Task description>
Copy word for word, please, the lines of the entries below running from the one containing "J] by blast" to the one containing "using J A by", both ends included.

[Collected data]
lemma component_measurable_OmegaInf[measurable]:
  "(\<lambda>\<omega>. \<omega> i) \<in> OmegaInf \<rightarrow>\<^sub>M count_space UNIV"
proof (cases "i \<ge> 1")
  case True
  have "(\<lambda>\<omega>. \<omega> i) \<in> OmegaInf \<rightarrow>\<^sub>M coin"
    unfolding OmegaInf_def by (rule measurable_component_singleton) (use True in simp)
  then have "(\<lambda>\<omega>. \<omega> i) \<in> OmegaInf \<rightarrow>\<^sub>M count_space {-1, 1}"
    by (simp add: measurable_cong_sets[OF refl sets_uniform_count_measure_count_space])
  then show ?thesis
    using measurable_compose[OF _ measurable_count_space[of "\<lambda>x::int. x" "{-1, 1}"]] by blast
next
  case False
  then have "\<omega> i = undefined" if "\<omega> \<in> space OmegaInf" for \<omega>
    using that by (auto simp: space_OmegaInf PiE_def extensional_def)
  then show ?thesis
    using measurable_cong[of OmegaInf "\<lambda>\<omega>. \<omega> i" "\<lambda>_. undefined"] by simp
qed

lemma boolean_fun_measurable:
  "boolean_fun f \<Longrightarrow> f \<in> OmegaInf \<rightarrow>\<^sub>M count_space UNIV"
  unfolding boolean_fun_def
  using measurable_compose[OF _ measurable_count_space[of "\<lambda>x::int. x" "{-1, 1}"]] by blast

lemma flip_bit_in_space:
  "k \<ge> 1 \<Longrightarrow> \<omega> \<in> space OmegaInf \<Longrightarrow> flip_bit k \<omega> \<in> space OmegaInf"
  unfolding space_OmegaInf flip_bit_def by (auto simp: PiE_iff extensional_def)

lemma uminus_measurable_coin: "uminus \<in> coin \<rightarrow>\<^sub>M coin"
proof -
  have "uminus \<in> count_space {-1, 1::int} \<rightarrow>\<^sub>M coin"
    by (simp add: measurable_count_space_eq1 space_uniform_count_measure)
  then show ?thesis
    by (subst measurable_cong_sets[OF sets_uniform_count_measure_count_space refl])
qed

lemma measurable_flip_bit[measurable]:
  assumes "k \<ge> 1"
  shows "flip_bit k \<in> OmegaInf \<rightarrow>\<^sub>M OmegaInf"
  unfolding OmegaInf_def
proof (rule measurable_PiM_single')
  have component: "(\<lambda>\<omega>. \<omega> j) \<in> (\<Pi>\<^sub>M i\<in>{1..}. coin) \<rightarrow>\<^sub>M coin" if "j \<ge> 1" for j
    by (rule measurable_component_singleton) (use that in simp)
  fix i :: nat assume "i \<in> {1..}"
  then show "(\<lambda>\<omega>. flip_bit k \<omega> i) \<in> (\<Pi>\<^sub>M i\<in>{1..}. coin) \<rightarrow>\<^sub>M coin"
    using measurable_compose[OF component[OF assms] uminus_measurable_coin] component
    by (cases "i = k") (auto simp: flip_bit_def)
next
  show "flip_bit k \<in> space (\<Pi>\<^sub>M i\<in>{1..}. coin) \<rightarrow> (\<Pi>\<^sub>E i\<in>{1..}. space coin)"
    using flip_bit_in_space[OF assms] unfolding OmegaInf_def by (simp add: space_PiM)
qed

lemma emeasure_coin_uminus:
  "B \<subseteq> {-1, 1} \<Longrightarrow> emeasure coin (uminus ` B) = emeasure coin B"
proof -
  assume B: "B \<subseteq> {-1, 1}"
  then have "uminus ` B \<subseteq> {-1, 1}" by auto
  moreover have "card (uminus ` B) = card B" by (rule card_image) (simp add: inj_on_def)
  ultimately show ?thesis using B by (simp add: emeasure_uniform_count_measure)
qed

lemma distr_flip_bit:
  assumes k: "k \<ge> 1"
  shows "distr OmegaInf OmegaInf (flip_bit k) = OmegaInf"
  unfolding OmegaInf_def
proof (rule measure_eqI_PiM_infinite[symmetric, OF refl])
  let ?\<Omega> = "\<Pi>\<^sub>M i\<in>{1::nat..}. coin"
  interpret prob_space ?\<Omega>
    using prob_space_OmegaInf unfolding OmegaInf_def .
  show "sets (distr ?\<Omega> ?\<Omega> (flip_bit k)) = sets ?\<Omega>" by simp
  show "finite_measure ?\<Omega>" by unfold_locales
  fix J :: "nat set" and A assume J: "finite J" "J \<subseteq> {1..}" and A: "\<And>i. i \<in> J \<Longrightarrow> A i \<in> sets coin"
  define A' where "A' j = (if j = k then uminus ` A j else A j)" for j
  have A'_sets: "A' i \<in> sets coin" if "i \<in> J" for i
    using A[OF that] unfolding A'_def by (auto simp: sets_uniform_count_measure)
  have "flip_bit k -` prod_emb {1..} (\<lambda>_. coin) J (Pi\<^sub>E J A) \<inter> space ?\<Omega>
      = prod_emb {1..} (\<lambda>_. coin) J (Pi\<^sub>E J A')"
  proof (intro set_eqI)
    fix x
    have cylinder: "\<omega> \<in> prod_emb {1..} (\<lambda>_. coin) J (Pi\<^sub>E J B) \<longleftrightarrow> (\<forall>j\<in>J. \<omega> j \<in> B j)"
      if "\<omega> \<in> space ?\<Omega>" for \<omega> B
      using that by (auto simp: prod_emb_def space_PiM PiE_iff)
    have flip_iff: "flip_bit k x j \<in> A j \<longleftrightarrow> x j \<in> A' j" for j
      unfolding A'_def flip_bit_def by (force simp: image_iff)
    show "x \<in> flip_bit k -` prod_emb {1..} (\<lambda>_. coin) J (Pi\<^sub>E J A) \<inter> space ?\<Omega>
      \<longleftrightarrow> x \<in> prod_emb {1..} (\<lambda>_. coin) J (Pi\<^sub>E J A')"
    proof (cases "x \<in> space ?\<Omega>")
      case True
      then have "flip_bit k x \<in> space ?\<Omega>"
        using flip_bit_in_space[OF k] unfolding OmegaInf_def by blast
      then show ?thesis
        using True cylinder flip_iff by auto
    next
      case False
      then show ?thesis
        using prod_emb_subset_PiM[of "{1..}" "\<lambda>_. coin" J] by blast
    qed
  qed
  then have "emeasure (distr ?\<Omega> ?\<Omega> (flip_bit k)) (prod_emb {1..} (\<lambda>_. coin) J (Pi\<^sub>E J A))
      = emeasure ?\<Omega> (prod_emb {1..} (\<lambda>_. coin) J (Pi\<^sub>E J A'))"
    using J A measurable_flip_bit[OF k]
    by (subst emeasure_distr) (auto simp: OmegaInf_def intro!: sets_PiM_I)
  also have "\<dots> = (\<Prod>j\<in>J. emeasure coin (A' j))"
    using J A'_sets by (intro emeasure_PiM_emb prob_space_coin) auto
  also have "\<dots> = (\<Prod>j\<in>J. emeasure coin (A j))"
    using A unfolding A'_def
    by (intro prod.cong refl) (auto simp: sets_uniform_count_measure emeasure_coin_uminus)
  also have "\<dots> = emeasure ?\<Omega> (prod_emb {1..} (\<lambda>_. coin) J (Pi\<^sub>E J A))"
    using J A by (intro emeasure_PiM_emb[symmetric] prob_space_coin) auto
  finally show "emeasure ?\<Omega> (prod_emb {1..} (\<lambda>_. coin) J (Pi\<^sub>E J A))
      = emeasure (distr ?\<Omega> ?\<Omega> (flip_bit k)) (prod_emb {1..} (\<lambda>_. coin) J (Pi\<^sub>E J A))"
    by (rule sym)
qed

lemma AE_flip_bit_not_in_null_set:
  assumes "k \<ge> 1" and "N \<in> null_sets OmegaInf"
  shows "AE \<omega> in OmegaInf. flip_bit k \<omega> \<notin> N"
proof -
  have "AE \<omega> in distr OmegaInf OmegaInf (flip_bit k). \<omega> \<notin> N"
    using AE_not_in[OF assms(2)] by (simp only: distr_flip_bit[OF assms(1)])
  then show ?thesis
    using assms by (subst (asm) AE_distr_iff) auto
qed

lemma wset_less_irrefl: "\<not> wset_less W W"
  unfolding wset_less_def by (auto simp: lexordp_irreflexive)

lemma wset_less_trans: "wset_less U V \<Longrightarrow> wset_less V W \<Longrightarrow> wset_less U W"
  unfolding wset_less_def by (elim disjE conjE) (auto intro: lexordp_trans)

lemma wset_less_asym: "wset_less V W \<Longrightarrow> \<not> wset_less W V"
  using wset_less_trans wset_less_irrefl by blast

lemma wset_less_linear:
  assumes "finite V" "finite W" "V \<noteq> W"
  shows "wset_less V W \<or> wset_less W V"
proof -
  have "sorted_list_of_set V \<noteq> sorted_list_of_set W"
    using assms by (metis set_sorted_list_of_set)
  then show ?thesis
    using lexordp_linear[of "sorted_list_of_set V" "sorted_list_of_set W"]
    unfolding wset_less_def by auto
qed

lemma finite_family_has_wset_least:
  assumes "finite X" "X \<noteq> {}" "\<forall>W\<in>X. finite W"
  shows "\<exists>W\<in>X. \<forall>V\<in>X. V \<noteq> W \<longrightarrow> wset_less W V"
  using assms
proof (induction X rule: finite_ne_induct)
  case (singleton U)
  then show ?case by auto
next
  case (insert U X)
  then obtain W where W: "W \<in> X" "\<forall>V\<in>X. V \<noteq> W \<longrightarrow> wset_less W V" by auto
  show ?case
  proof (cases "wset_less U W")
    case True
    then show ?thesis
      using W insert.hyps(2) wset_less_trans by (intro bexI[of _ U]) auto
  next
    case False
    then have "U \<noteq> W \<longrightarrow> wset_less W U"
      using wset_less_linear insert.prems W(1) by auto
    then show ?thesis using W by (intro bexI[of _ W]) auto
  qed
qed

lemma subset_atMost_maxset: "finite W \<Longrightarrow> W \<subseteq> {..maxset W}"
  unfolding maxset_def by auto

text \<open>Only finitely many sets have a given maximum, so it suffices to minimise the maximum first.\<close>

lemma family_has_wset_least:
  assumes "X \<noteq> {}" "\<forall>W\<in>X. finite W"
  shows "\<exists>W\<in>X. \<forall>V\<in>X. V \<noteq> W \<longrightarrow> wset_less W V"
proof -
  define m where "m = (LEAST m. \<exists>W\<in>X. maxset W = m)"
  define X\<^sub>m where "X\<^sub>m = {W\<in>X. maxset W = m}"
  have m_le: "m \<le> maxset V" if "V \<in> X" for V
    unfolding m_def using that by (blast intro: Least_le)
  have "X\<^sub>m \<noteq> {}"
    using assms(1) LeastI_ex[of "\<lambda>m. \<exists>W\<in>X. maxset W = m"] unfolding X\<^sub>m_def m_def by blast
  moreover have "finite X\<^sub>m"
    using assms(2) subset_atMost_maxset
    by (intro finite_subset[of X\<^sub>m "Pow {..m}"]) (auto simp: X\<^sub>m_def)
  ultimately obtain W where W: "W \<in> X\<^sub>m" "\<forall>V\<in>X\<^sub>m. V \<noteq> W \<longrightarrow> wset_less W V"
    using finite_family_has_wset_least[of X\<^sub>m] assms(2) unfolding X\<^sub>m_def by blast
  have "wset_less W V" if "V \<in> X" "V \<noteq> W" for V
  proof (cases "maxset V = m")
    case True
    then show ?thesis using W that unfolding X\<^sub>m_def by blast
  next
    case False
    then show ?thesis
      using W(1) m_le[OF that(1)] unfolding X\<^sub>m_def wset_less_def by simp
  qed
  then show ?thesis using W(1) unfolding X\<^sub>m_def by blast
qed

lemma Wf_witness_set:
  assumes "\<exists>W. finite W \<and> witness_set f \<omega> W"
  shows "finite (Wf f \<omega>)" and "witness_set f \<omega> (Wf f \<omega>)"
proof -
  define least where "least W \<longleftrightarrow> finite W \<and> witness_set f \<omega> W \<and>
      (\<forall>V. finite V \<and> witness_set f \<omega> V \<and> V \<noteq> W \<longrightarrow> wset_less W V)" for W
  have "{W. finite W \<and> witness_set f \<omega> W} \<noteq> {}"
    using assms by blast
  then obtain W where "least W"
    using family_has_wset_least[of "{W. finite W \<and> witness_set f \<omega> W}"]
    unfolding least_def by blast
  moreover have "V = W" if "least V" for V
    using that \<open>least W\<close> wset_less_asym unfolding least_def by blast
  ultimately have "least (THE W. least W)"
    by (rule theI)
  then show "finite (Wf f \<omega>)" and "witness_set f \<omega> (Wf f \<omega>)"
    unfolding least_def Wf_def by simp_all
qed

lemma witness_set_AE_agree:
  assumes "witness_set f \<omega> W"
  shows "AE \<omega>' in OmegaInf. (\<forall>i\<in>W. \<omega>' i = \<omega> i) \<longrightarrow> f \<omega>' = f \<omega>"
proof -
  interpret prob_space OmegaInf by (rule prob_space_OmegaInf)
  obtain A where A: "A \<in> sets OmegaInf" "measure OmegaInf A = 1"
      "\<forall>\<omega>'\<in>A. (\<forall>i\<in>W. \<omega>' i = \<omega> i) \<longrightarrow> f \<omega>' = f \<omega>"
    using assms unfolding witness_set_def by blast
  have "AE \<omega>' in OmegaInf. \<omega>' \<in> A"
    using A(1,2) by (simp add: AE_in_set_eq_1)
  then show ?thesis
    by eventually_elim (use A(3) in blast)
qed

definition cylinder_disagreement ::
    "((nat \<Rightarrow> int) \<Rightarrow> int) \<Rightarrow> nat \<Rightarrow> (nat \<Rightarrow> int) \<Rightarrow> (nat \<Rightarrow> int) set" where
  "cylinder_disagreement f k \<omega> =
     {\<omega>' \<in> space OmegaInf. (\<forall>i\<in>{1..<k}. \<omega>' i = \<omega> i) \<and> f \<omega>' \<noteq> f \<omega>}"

Expected answer>
        using prod_emb_subset_PiM[of "{1..}" "\<lambda>_. coin" J] by blast
    qed
  qed
  then have "emeasure (distr ?\<Omega> ?\<Omega> (flip_bit k)) (prod_emb {1..} (\<lambda>_. coin) J (Pi\<^sub>E J A))
      = emeasure ?\<Omega> (prod_emb {1..} (\<lambda>_. coin) J (Pi\<^sub>E J A'))"
    using J A measurable_flip_bit[OF k]
    by (subst emeasure_distr) (auto simp: OmegaInf_def intro!: sets_PiM_I)
  also have "\<dots> = (\<Prod>j\<in>J. emeasure coin (A' j))"
    using J A'_sets by (intro emeasure_PiM_emb prob_space_coin) auto
  also have "\<dots> = (\<Prod>j\<in>J. emeasure coin (A j))"
    using A unfolding A'_def
    by (intro prod.cong refl) (auto simp: sets_uniform_count_measure emeasure_coin_uminus)
  also have "\<dots> = emeasure ?\<Omega> (prod_emb {1..} (\<lambda>_. coin) J (Pi\<^sub>E J A))"
    using J A by (intro emeasure_PiM_emb[symmetric] prob_space_coin) auto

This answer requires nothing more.